Goal of the exercise: Read the data below line by line and copy each one with "inter" in it.

#### Data supplied

lemma card_free_infected:
  assumes v: "reachable I S I W"
  shows "card (free_infected I (bb_pairings W)) = I - 2 * card (bb_pairings W)"
proof -
  let ?B = "bb_pairings W"
  have sub: "\<Union>?B \<subseteq> Inf ` {1..I}" by (blast elim: bb_pairing_infected[OF v])
  have card2: "card p = 2" if "p \<in> ?B" for p
    using that by (auto elim: bb_pairing_infected[OF v])
  have "finite ?B" using reachable_finite[OF v order_refl] bb_pairings_subset by (rule finite_subset[rotated])
  have "card (\<Union>?B) = sum card ?B"
  proof (rule card_Union_disjoint)
    show "pairwise disjnt ?B"
      using reachable_disjoint[OF v] bb_pairings_subset by (fastforce simp: pairwise_def disjnt_def)
  qed (use card2 in \<open>auto intro: card_ge_0_finite\<close>)
  also have "\<dots> = 2 * card ?B" using card2 by simp
  finally have card_U: "card (\<Union>?B) = 2 * card ?B" .
  have "Inf ` free_infected I ?B = Inf ` {1..I} - \<Union>?B" by (auto simp: free_infected_def)
  then have "card (free_infected I ?B) = card (Inf ` {1..I} - \<Union>?B)"
    by (metis card_image device.inject(1) inj_onI)
  also have "\<dots> = I - card (\<Union>?B)"
    using sub by (simp add: card_Diff_subset finite_subset card_image inj_on_def)
  finally show ?thesis using card_U by simp
qed

definition clean_pairs :: "nat set \<Rightarrow> (nat \<Rightarrow> nat) \<Rightarrow> wiring" where
  "clean_pairs M f = (\<lambda>r. {Inf r, Cln (f r)}) ` M"

lemma clean_pairs_cong: "(\<And>r. r \<in> M \<Longrightarrow> f r = g r) \<Longrightarrow> clean_pairs M f = clean_pairs M g"
  unfolding clean_pairs_def by (rule image_cong) simp_all

lemma bb_pairings_idem: "bb_pairings (bb_pairings W) = bb_pairings W"
  by (auto simp: bb_pairings_def)

lemma bb_pairings_Un_clean_pairs: "bb_pairings (B \<union> clean_pairs M f) = bb_pairings B"
  by (auto simp: bb_pairings_def clean_pairs_def is_infected_def)

lemma reachable_decompose:
  assumes v: "reachable I S I W"
  defines "M \<equiv> matched_infected I S (bb_pairings W)"
  shows "restrict (clean_partner W) M \<in> M \<rightarrow>\<^sub>E {1..S}" "inj_on (clean_partner W) M"
    and "W = bb_pairings W \<union> clean_pairs M (clean_partner W)"
proof -
  have M_paired: "r \<in> free_infected I (bb_pairings W)" "Inf r \<in> \<Union>W" if "r \<in> M" for r
    using that paired_iff_matched_infected[OF v] matched_infected_subset unfolding M_def by blast+
  show "restrict (clean_partner W) M \<in> M \<rightarrow>\<^sub>E {1..S}"
    using clean_partner_mem(2)[OF v] M_paired by simp
  show "inj_on (clean_partner W) M"
    by (rule inj_on_clean_partner[OF v]) (use M_paired in blast)+
  show "W = bb_pairings W \<union> clean_pairs M (clean_partner W)"
  proof (intro equalityI subsetI)
    fix p assume p: "p \<in> W"
    show "p \<in> bb_pairings W \<union> clean_pairs M (clean_partner W)"
    proof (cases "p \<in> bb_pairings W")
      case False
      then obtain r k where rk: "p = {Inf r, Cln k}" "r \<in> free_infected I (bb_pairings W)"
        by (rule non_bb_pairing_clean[OF v p])
      with p have "r \<in> M" using paired_iff_matched_infected[OF v] unfolding M_def by blast
      moreover have "clean_partner W r = k" using clean_partner_eq[OF v] p rk(1) by blast
      ultimately have "p \<in> clean_pairs M (clean_partner W)" using rk(1) unfolding clean_pairs_def by blast
      then show ?thesis ..
    qed simp
  next
    fix p assume "p \<in> bb_pairings W \<union> clean_pairs M (clean_partner W)"
    then show "p \<in> W"
      using bb_pairings_subset clean_partner_mem(1)[OF v] M_paired by (auto simp: clean_pairs_def)
  qed
qed

lemma clean_pairs_disjoint:
  assumes v: "reachable I S I W" and M: "M \<subseteq> free_infected I (bb_pairings W)" and f: "inj_on f M"
    and pq: "p \<in> bb_pairings W \<union> clean_pairs M f" "q \<in> bb_pairings W \<union> clean_pairs M f" "p \<noteq> q"
  shows "p \<inter> q = {}"
proof -
  have mixed: "{Inf r, Cln (f r)} \<inter> q = {}" if "r \<in> M" "q \<in> bb_pairings W" for r q
  proof -
    have "Inf r \<notin> q" using that M by (auto simp: free_infected_def)
    moreover have "Cln (f r) \<notin> q" using that(2) by (auto simp: bb_pairings_def is_infected_def)
    ultimately show ?thesis by auto
  qed
  have clean: "{Inf r, Cln (f r)} \<inter> {Inf r', Cln (f r')} = {}" if "r \<in> M" "r' \<in> M" "r \<noteq> r'" for r r'
    using that inj_onD[OF f, of r r'] by auto
  from pq show ?thesis
    using reachable_disjoint[OF v, of p q] bb_pairings_subset mixed[of _ p] mixed[of _ q] clean
    unfolding clean_pairs_def by blast
qed

lemma dagger_free_infected:
  assumes v: "reachable I S I W" and card_R: "card (free_infected I (bb_pairings W)) = Suc S"
  defines "R \<equiv> free_infected I (bb_pairings W)"
  shows "Max R \<in> R" "matched_infected I S (bb_pairings W) = R - {Max R}"
    "unpaired I S W = {Inf (Max R)}" "\<forall>p\<in>W. chosen_pair I S (Max R - 1) p"
proof -
  have "R \<noteq> {}" using card_R unfolding R_def by auto
  then show max: "Max R \<in> R" by (simp add: R_def)
  show matched: "matched_infected I S (bb_pairings W) = R - {Max R}"
    using card_R by (simp add: matched_infected_def R_def)
  have "Inf (Max R) \<notin> \<Union>W" using paired_iff_matched_infected[OF v] max matched unfolding R_def by blast
  moreover have "Max R \<in> {1..I}" using max by (simp add: R_def free_infected_def)
  ultimately show "unpaired I S W = {Inf (Max R)}" "\<forall>p\<in>W. chosen_pair I S (Max R - 1) p"
    using reachable_covered[OF v, of "Max R"] by blast+
qed

lemma unpaired_compose_dagger:
  assumes v: "reachable I S I W" and card_R: "card (free_infected I (bb_pairings W)) = Suc S"
  defines "R \<equiv> free_infected I (bb_pairings W)" and "M \<equiv> matched_infected I S (bb_pairings W)"
  assumes f: "f \<in> M \<rightarrow>\<^sub>E {1..S}" "inj_on f M"
  shows "unpaired I S (bb_pairings W \<union> clean_pairs M f) = {Inf (Max R)}"
proof (intro equalityI subsetI)
  note dagger = dagger_free_infected[OF v card_R, folded R_def M_def]
  let ?W = "bb_pairings W \<union> clean_pairs M f"
  fix x assume x: "x \<in> unpaired I S ?W"
  then have x_dev: "x \<in> devices I S" and x_free: "x \<notin> \<Union>?W" by (auto simp: unpaired_def)
  show "x \<in> {Inf (Max R)}"
  proof (cases x)
    case (Inf y)
    have "y \<in> {1..I}" using x_dev Inf by simp
    moreover have "y \<notin> M" using x_free Inf by (auto simp: clean_pairs_def)
    moreover have "Inf y \<notin> \<Union>(bb_pairings W)" using x_free Inf by blast
    ultimately have "y = Max R" using dagger(2) by (auto simp: R_def free_infected_def)
    then show ?thesis using Inf by simp
  next
    case (Cln k)
    have "card M = S" using dagger(1,2) card_R by (simp add: R_def)
    then have "f ` M = {1..S}"
      using card_image[OF f(2)] f(1) by (intro card_subset_eq) auto
    then have "k \<in> f ` M" using x_dev Cln by simp
    then have "x \<in> \<Union>(clean_pairs M f)" using Cln by (auto simp: clean_pairs_def)
    with x_free show ?thesis by blast
  qed
next
  note dagger = dagger_free_infected[OF v card_R, folded R_def M_def]
  fix x assume "x \<in> {Inf (Max R)}"
  moreover have "Max R \<in> {1..I}" "Inf (Max R) \<notin> \<Union>(bb_pairings W)"
    using dagger(1) by (simp_all add: R_def free_infected_def)
  moreover have "Inf (Max R) \<notin> \<Union>(clean_pairs M f)" using dagger(2) by (auto simp: clean_pairs_def)
  ultimately show "x \<in> unpaired I S (bb_pairings W \<union> clean_pairs M f)" by (auto simp: unpaired_def)
qed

########

Response area:
  shows "p \<inter> q = {}"
  have mixed: "{Inf r, Cln (f r)} \<inter> q = {}" if "r \<in> M" "q \<in> bb_pairings W" for r q
  have clean: "{Inf r, Cln (f r)} \<inter> {Inf r', Cln (f r')} = {}" if "r \<in> M" "r' \<in> M" "r \<noteq> r'" for r r'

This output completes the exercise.